Malgré la controverse qui entoure ses actions et sa nature violente, la Fesci a prouvé son utilité depuis sa fondation en 1990, agissant comme une support essentiel pour les étudiants et comblant les lacunes du système universitaire. Comme le souligne Geoffroy-Julien Kouao, expert en politique, les défis auxquels font face l’école et l’université sont considérables et les étudiants voient en la Fesci le seul groupe capable de représenter leurs intérêts.

Toutes les tentatives pour supprimer la Fesci au fil des trente dernières années se sont avérées infructueuses. Quand le gouvernement d’Alassane Ouattara, alors Premier ministre de Félix Houphouët-Boigny, a annoncé sa dissolution en 1991, le mouvement a survécu dans la clandestinité.
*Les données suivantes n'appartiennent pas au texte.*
lemma eventually_exs_less_turan_density:
  assumes "finite VF" "0 < \<epsilon>"
  shows "\<forall>\<^sub>F n in sequentially. real (exs n k VF F 1) < (turan_density k VF F + \<epsilon>) * real (n choose k)"
proof -
  have "\<forall>\<^sub>F n in sequentially. real (exs n k VF F 1) / real (n choose k) < turan_density k VF F + \<epsilon>"
    using order_tendstoD(2)[OF turan_density_tendsto(1)[OF assms(1)]] assms(2) by simp
  moreover have "\<forall>\<^sub>F n in sequentially. 0 < real (n choose k)"
    using eventually_ge_at_top[of k] by eventually_elim simp
  ultimately show ?thesis by eventually_elim (simp add: divide_less_eq)
qed

section \<open>Degrees, links and binomial estimates\<close>

definition deg :: "nat set set \<Rightarrow> nat \<Rightarrow> nat" where
  "deg H v = card {e\<in>H. v \<in> e}"

definition link :: "nat set set \<Rightarrow> nat \<Rightarrow> nat set \<Rightarrow> nat set set" where
  "link H u W = {f. f \<subseteq> W \<and> insert u f \<in> H}"

lemma card_eq_card_avoiding_plus_deg: "finite H \<Longrightarrow> card H = card {e\<in>H. v \<notin> e} + deg H v"
  unfolding deg_def by (subst card_Un_disjoint[symmetric]) (auto intro: arg_cong[of _ _ card])

lemma kgraph_on_link:
  assumes "kgraph_on k V H" "finite V" "v \<notin> W" "W \<subseteq> V"
  shows "kgraph_on (k - 1) W (link H v W)"
  unfolding kgraph_on_def
proof
  fix f assume f: "f \<in> link H v W"
  then have "f \<subseteq> W" "insert v f \<in> H" unfolding link_def by auto
  moreover have "finite f" using \<open>f \<subseteq> W\<close> assms(4) by (intro rev_finite_subset[OF assms(2)]) auto
  moreover have "v \<notin> f" using \<open>f \<subseteq> W\<close> assms(3) by blast
  moreover have "card (insert v f) = k" using \<open>insert v f \<in> H\<close> assms(1) unfolding kgraph_on_def by blast
  ultimately show "f \<subseteq> W \<and> card f = k - 1" by simp
qed

lemma deg_eq_card_link:
  assumes "kgraph_on k V H" "v \<in> V"
  shows "deg H v = card (link H v (V - {v}))"
proof -
  have "bij_betw (\<lambda>e. e - {v}) {e\<in>H. v \<in> e} (link H v (V - {v}))"
  proof (rule bij_betw_byWitness[where f' = "insert v"])
    show "(\<lambda>e. e - {v}) ` {e\<in>H. v \<in> e} \<subseteq> link H v (V - {v})"
      using assms(1) unfolding link_def kgraph_on_def by (auto simp: insert_absorb)
  qed (auto simp: link_def insert_absorb)
  then show ?thesis unfolding deg_def by (rule bij_betw_same_card)
qed

lemma card_subsets_containing_le:
  assumes "finite S" "w \<in> S"
  shows "card {f. f \<subseteq> S \<and> card f = k \<and> w \<in> f} \<le> (card S - 1) choose (k - 1)"
proof -
  have "{f. f \<subseteq> S \<and> card f = k \<and> w \<in> f} \<subseteq> insert w ` {g. g \<subseteq> S - {w} \<and> card g = k - 1}"
  proof
    fix f assume f: "f \<in> {f. f \<subseteq> S \<and> card f = k \<and> w \<in> f}"
    then have "finite f" using rev_finite_subset[OF assms(1)] by blast
    then have "card (f - {w}) = k - 1" "f = insert w (f - {w})" using f by auto
    then show "f \<in> insert w ` {g. g \<subseteq> S - {w} \<and> card g = k - 1}" using f by blast
  qed
  then have "card {f. f \<subseteq> S \<and> card f = k \<and> w \<in> f} \<le> card (insert w ` {g. g \<subseteq> S - {w} \<and> card g = k - 1})"
    by (rule card_mono[rotated]) (simp add: assms(1))
  also have "\<dots> \<le> card {g. g \<subseteq> S - {w} \<and> card g = k - 1}" by (rule card_image_le) (simp add: assms(1))
  also have "\<dots> = (card S - 1) choose (k - 1)" using assms by (simp add: n_subsets)
  finally show ?thesis .
qed

lemma deg_le_choose:
  assumes "kgraph_on r V H" "finite V" "u \<in> V"
  shows "deg H u \<le> (card V - 1) choose (r - 1)"
proof -
  have "link H u (V - {u}) \<subseteq> {f. f \<subseteq> V - {u} \<and> card f = r - 1}"
    using kgraph_on_link[OF assms(1,2), of u "V - {u}"] unfolding kgraph_on_def by auto
  then have "card (link H u (V - {u})) \<le> card {f. f \<subseteq> V - {u} \<and> card f = r - 1}"
    by (rule card_mono[rotated]) (simp add: assms(2))
  also have "\<dots> = card (V - {u}) choose (r - 1)" using assms(2) by (simp add: n_subsets)
  finally show ?thesis using deg_eq_card_link[OF assms(1,3)] assms(2,3) by simp
qed

lemma deg_le_card_link_plus:
  assumes H: "kgraph_on r V H" "finite V" "u \<in> V" and W: "W \<subseteq> V - {u}"
  shows "deg H u \<le> card (link H u (V - {u} - W)) + card W * ((card V - 2) choose (r - 2))"
proof -
  define S where "S w = {f. f \<subseteq> V - {u} \<and> card f = r - 1 \<and> w \<in> f}" for w
  have finW: "finite W" using W by (intro rev_finite_subset[OF H(2)]) auto
  have cover: "link H u (V - {u}) \<subseteq> link H u (V - {u} - W) \<union> (\<Union>w\<in>W. S w)"
    using kgraph_on_link[OF H(1,2), of u "V - {u}"] unfolding link_def S_def kgraph_on_def by blast
  have "kgraph_on (r - 1) (V - {u} - W) (link H u (V - {u} - W))"
    by (rule kgraph_on_link[OF H(1,2)]) auto
  then have finL: "finite (link H u (V - {u} - W))" by (rule finite_kgraph_on[rotated]) (simp add: H(2))
  have finS: "finite (S w)" for w unfolding S_def using H(2) by simp
  have "card (link H u (V - {u})) \<le> card (link H u (V - {u} - W) \<union> (\<Union>w\<in>W. S w))"
    by (rule card_mono[OF _ cover]) (simp add: finL finS finW)
  also have "\<dots> \<le> card (link H u (V - {u} - W)) + card (\<Union>w\<in>W. S w)" by (rule card_Un_le)
  also have "card (\<Union>w\<in>W. S w) \<le> (\<Sum>w\<in>W. card (S w))" by (rule card_UN_le[OF finW])
  finally have "card (link H u (V - {u})) \<le> card (link H u (V - {u} - W)) + (\<Sum>w\<in>W. card (S w))"
    by simp
  moreover have "card (S w) \<le> (card V - 2) choose (r - 2)" if "w \<in> W" for w
  proof -
    have "w \<in> V - {u}" using that W by blast
    then show ?thesis using card_subsets_containing_le[of "V - {u}" w "r - 1"] H(2,3)
      by (simp add: S_def numeral_2_eq_2 diff_diff_add)
  qed
  then have "(\<Sum>w\<in>W. card (S w)) \<le> card W * ((card V - 2) choose (r - 2))"
    using sum_bounded_above[of W "\<lambda>w. card (S w)"] by simp
  ultimately show ?thesis using deg_eq_card_link[OF H(1,3)] by linarith
qed

lemma full_deg_imp_edges:
  assumes H: "kgraph_on r V H" "finite V" "u \<in> V" and deg: "deg H u = (card V - 1) choose (r - 1)"
    and e: "e \<subseteq> V" "card e = r" "u \<in> e"
  shows "e \<in> H"
proof -
  let ?S = "{f. f \<subseteq> V - {u} \<and> card f = r - 1}"
  have "link H u (V - {u}) \<subseteq> ?S"
    using kgraph_on_link[OF H(1,2), of u "V - {u}"] unfolding kgraph_on_def by auto
  moreover have "card (link H u (V - {u})) = card ?S"
    using deg deg_eq_card_link[OF H(1,3)] H(2,3) by (simp add: n_subsets)
  ultimately have "link H u (V - {u}) = ?S" using H(2) by (simp add: card_subset_eq)
  moreover have "e - {u} \<in> ?S" using e rev_finite_subset[OF H(2) e(1)] by auto
  ultimately have "insert u (e - {u}) \<in> H" unfolding link_def by blast
  then show ?thesis using e(3) by (simp add: insert_absorb)
qed

lemma choose_le_choose_diff_plus:
  assumes "1 \<le> k" "j \<le> a"
  shows "a choose k \<le> ((a - j) choose k) + j * ((a - 1) choose (k - 1))"
  using assms(2)
proof (induction j)
  case (Suc j)
  obtain b where b: "a - j = Suc b" using Suc.prems by (cases "a - j") auto
  obtain k' where k': "k = Suc k'" using assms(1) by (cases k) auto
  have "a - j choose k = (b choose k) + (b choose k')" using b k' by simp
  moreover have "b choose k' \<le> (a - 1) choose (k - 1)" using b k' by (simp add: binomial_right_mono)
  moreover have "a - Suc j = b" using b by simp
  ultimately show ?case using Suc by simp
qed simp

lemma choose_plus_mult_le_choose_add:
  assumes "1 \<le> r"
  shows "(b choose r) + j * (b choose (r - 1)) \<le> (b + j) choose r"
proof (induction j)
  case (Suc j)
  obtain r' where r': "r = Suc r'" using assms by (cases r) auto
  have "b choose r' \<le> (b + j) choose r'" by (simp add: binomial_right_mono)
  then show ?case using Suc.IH r' by simp
qed simp

definition meeting :: "nat \<Rightarrow> nat set \<Rightarrow> nat set \<Rightarrow> nat set set" where
  "meeting r V T = {e. e \<subseteq> V \<and> card e = r \<and> e \<inter> T \<noteq> {}}"

definition num_meeting :: "nat \<Rightarrow> nat \<Rightarrow> nat \<Rightarrow> nat" where
  "num_meeting r n t = (n choose r) - ((n - t) choose r)"

lemma card_meeting:
  assumes "finite V" "T \<subseteq> V"
  shows "card (meeting r V T) = num_meeting r (card V) (card T)"
proof -
  have "meeting r V T = {e. e \<subseteq> V \<and> card e = r} - {e. e \<subseteq> V - T \<and> card e = r}"
    unfolding meeting_def by blast
  moreover have "{e. e \<subseteq> V - T \<and> card e = r} \<subseteq> {e. e \<subseteq> V \<and> card e = r}" by blast
  moreover have "card (V - T) = card V - card T" using assms by (simp add: card_Diff_subset finite_subset)
  ultimately show ?thesis
    using assms(1) unfolding num_meeting_def by (simp add: card_Diff_subset n_subsets)
qed

lemma num_meeting_Suc:
  assumes "1 \<le> r" "1 \<le> n"
  shows "num_meeting r n (Suc t) = num_meeting r (n - 1) t + ((n - 1) choose (r - 1))"
proof -
  obtain n' r' where "n = Suc n'" "r = Suc r'" using assms by (metis Suc_le_D One_nat_def)
  moreover have "(n' - t) choose r \<le> n' choose r" by (rule binomial_right_mono) simp
  ultimately show ?thesis unfolding num_meeting_def by simp
qed

lemma mult_choose_le_num_meeting:
  assumes "1 \<le> r" "t \<le> n"
  shows "t * ((n - t) choose (r - 1)) \<le> num_meeting r n t"
  using choose_plus_mult_le_choose_add[OF assms(1), of "n - t" t] assms(2) unfolding num_meeting_def by simp

section \<open>Suspensions\<close>

lemma embeds_suspension_of_link:
  assumes m: "1 \<le> m" and u: "u \<notin> W" and F: "kgraph_on k {0..<m - 1} F"
    and \<psi>: "embeds {0..<m - 1} F W (link H u W) \<psi>"
  shows "embeds {0..<m} (suspension m F) (insert u W) H (\<psi>(m - 1 := u))"
proof -
  let ?\<psi>' = "\<psi>(m - 1 := u)"
  have split: "{0..<m} = insert (m - 1) {0..<m - 1}" using m by (cases m) auto
  have \<psi>': "?\<psi>' ` A = \<psi> ` A" if "A \<subseteq> {0..<m - 1}" for A
    using that by (intro image_cong) auto
  have "inj_on ?\<psi>' {0..<m}" "?\<psi>' ` {0..<m} \<subseteq> insert u W"
    using \<psi> u \<psi>'[of "{0..<m - 1}"] unfolding split embeds_def by (auto simp: inj_on_def)
  moreover have "?\<psi>' ` insert (m - 1) e \<in> H" if "e \<in> F" for e
  proof -
    have "e \<subseteq> {0..<m - 1}" using F that unfolding kgraph_on_def by blast
    have "?\<psi>' ` insert (m - 1) e = insert u (?\<psi>' ` e)" by (simp only: image_insert fun_upd_same)
    also have "?\<psi>' ` e = \<psi> ` e" using \<open>e \<subseteq> {0..<m - 1}\<close> by (rule \<psi>')
    finally have "?\<psi>' ` insert (m - 1) e = insert u (\<psi> ` e)" .
    moreover have "\<psi> ` e \<in> link H u W" using \<psi> that unfolding embeds_def by blast
    ultimately show ?thesis unfolding link_def by simp
  qed
  ultimately show ?thesis unfolding embeds_def suspension_def by blast
qed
Puis, en 2011, suite à la destitution de Laurent Gbagbo et la transformation de la Fesci en milice dédiée à l’ancien président, on a cru que le syndicat ne pourrait plus se relever.

« Les gouvernements successifs ont choisi de tolérer la Fesci afin d’éviter de grandes grèves sur les campus universitaires », explique Geoffroy-Julien Kouao. Il faut également considérer l’aspect politique de la question. On compte en Côte d’Ivoire 8 millions d’étudiants et d’élèves, dont la majorité est, si ce n’est adhérente, du moins sympathisante de la Fesci. S’attirer les foudres de la Fesci peut mener à des conséquences néfastes lors des élections.